Frank Cusack wrote:
On 1/31/11 5:23 PM +0000 Ron Leach wrote:
Further, the NFS shares can be mounted on the client with a 'sync' option that forces physical writes before returning to the caller. Though this would be horrifically slow in any high load (network transmission times, disc io queues etc), in our situation of low load we could consider using this option to minimise the potential for email loss due to crash or power fail.

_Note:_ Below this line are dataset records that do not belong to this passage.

definition subalgebra_mat :: "nat \<Rightarrow> 'a::field mat set \<Rightarrow> bool" where
  "subalgebra_mat n S \<longleftrightarrow> S \<subseteq> carrier_mat n n \<and> 1\<^sub>m n \<in> S \<and>
     (\<forall>X\<in>S. \<forall>Y\<in>S. X + Y \<in> S \<and> X * Y \<in> S) \<and> (\<forall>c. \<forall>X\<in>S. c \<cdot>\<^sub>m X \<in> S)"

context
  fixes n :: nat and S :: "'a::field mat set"
  assumes S: "subalgebra_mat n S"
begin

lemma subalgebra_mat_carrier: "X \<in> S \<Longrightarrow> X \<in> carrier_mat n n"
  and subalgebra_mat_one: "1\<^sub>m n \<in> S"
  and subalgebra_mat_add: "X \<in> S \<Longrightarrow> Y \<in> S \<Longrightarrow> X + Y \<in> S"
  and subalgebra_mat_mult: "X \<in> S \<Longrightarrow> Y \<in> S \<Longrightarrow> X * Y \<in> S"
  and subalgebra_mat_smult: "X \<in> S \<Longrightarrow> c \<cdot>\<^sub>m X \<in> S"
  using S unfolding subalgebra_mat_def by blast+

lemma subalgebra_mat_diag_prod:
  assumes "mat_diag n d \<in> S" "finite C"
  shows "mat_diag n (\<lambda>m. \<Prod>c\<in>C. d m - c) \<in> S"
  using \<open>finite C\<close>
proof (induction C rule: finite_induct)
  case empty
  then show ?case using subalgebra_mat_one by simp
next
  case (insert c C)
  have "mat_diag n (\<lambda>m. d m - c) = mat_diag n d + (- c) \<cdot>\<^sub>m 1\<^sub>m n"
    by (rule eq_matI) (auto simp: mat_diag_def)
  then have "mat_diag n (\<lambda>m. d m - c) \<in> S"
    using assms(1) subalgebra_mat_one by (simp add: subalgebra_mat_add subalgebra_mat_smult)
  moreover have "mat_diag n (\<lambda>m. \<Prod>c'\<in>insert c C. d m - c') =
      mat_diag n (\<lambda>m. d m - c) * mat_diag n (\<lambda>m. \<Prod>c'\<in>C. d m - c')"
    using insert by simp
  ultimately show ?case
    using insert.IH subalgebra_mat_mult by metis
qed

text \<open>\<open>E\<^sub>i\<^sub>i\<close> is the Lagrange interpolation polynomial of the \<open>i\<close>-th eigenvalue, evaluated at \<open>D\<close>.\<close>
lemma subalgebra_mat_diagonal_matrix_units:
  assumes D: "D \<in> S" "diagonal_mat D"
    and distinct: "\<And>i j. i < n \<Longrightarrow> j < n \<Longrightarrow> i \<noteq> j \<Longrightarrow> D $$ (i,i) \<noteq> D $$ (j,j)"
    and i: "i < n"
  shows "matrix_unit n i i \<in> S"
proof -
  define d where "d m = D $$ (m,m)" for m
  define C where "C = d ` ({..<n} - {i})"
  have "D = mat_diag n d"
    using D subalgebra_mat_carrier[of D] by (intro eq_matI) (auto simp: mat_diag_def d_def diagonal_mat_def)
  then have prod: "mat_diag n (\<lambda>m. \<Prod>c\<in>C. d m - c) \<in> S"
    using D subalgebra_mat_diag_prod[of d C] by (simp add: C_def)
  have "d i \<notin> C" using distinct i by (auto simp: C_def d_def)
  then have nz: "(\<Prod>c\<in>C. d i - c) \<noteq> 0" by (simp add: C_def)
  have "(\<Prod>c\<in>C. d m - c) = 0" if "m < n" "m \<noteq> i" for m
    using that by (intro prod_zero) (auto simp: C_def)
  then have "matrix_unit n i i = inverse (\<Prod>c\<in>C. d i - c) \<cdot>\<^sub>m mat_diag n (\<lambda>m. \<Prod>c\<in>C. d m - c)"
    using nz by (intro eq_matI) (auto simp: matrix_unit_def mat_diag_def)
  then show ?thesis using prod subalgebra_mat_smult by simp
qed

Unless I'm wrong about something here, I think this closes the NFS-related concern about XFS and Dovecot and loss of email.
You're wrong.
Yes, NFS semantics "guarantee" commit, but what happens is that the underlying filesystem (e.g. ext3, xfs with metadata spooling) lies to the kernel about what has been committed. The NFS call returns, but the data has not actually been committed. There have even been NFS server tweaks for some implementations that themselves lie to the client, ie w/o depending on filesystem lies, for performance reasons.
Oh, dear.
So does that mean we're lost, having built these XFS data servers? Is XFS, then, the 'wrong' choice for email integrity across crashes and power fail, even when using NFS in low load systems?
Fortunately, these two machines are only being used for backup at the moment - we haven't migrated the application 'live' data stores - yet. So we could rebuild them. With ZFS, maybe.
All we want to do is not lose emails.
What does everyone else do? Lose emails?